ASSIGNMENT: Your answer should repeat every line of the records below in which the word "lying" appears.
== Segment start ==
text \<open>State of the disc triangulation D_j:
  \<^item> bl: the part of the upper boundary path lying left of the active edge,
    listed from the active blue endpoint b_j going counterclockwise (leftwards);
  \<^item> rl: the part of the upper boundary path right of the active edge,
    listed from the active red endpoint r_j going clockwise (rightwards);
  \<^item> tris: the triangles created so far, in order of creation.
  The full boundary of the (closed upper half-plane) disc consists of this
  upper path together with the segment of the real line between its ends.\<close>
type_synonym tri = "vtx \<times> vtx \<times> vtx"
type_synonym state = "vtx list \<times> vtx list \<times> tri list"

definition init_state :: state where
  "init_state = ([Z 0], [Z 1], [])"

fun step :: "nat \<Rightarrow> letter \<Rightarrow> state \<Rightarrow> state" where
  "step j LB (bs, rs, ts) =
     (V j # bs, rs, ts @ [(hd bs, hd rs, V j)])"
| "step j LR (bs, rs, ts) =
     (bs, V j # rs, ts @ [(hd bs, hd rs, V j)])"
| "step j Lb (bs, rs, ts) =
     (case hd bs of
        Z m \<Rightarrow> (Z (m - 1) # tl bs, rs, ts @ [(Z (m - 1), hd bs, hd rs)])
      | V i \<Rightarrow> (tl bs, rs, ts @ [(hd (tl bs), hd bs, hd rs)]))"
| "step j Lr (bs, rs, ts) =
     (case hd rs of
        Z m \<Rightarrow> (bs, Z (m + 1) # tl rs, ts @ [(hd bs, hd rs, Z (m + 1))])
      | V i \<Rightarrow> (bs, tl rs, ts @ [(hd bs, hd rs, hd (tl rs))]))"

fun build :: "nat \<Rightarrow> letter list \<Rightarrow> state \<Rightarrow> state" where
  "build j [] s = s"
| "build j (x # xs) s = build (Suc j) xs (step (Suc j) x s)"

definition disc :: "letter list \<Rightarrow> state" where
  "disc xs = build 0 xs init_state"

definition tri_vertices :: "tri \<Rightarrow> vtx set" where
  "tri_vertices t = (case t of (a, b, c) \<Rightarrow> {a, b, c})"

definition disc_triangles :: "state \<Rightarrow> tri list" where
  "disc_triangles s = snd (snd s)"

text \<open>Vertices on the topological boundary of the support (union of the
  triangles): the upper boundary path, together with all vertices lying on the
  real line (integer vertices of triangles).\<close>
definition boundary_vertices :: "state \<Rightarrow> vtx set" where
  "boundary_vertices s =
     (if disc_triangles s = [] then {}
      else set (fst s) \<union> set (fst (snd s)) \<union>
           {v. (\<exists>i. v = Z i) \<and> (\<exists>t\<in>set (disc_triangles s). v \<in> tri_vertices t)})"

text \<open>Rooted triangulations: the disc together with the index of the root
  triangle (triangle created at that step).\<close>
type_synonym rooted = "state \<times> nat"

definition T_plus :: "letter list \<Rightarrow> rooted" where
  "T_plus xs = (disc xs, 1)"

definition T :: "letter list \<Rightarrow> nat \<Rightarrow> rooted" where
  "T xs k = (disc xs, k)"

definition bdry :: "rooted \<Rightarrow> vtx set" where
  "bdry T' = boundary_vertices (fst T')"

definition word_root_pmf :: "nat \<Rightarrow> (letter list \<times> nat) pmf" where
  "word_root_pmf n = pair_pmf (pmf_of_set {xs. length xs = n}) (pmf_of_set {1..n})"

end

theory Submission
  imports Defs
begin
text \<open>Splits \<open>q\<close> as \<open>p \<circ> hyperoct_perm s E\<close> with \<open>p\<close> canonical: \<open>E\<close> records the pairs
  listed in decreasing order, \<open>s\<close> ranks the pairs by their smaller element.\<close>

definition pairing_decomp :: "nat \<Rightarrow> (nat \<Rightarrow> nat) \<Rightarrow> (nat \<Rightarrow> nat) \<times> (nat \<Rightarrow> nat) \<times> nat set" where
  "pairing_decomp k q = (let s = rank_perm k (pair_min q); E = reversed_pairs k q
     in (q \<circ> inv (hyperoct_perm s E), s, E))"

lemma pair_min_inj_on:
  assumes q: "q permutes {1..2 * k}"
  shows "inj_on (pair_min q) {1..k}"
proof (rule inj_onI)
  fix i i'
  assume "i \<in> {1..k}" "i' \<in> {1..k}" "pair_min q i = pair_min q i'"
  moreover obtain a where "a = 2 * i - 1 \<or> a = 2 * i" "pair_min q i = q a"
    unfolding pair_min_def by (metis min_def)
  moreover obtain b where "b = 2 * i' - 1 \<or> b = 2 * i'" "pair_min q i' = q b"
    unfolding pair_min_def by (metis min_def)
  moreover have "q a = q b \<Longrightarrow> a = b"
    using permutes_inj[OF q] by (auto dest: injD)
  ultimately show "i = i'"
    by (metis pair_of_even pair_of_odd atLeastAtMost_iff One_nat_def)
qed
== Segment end ==
FINISHED EXERCISE:
  \<^item> bl: the part of the upper boundary path lying left of the active edge,
  triangles): the upper boundary path, together with all vertices lying on the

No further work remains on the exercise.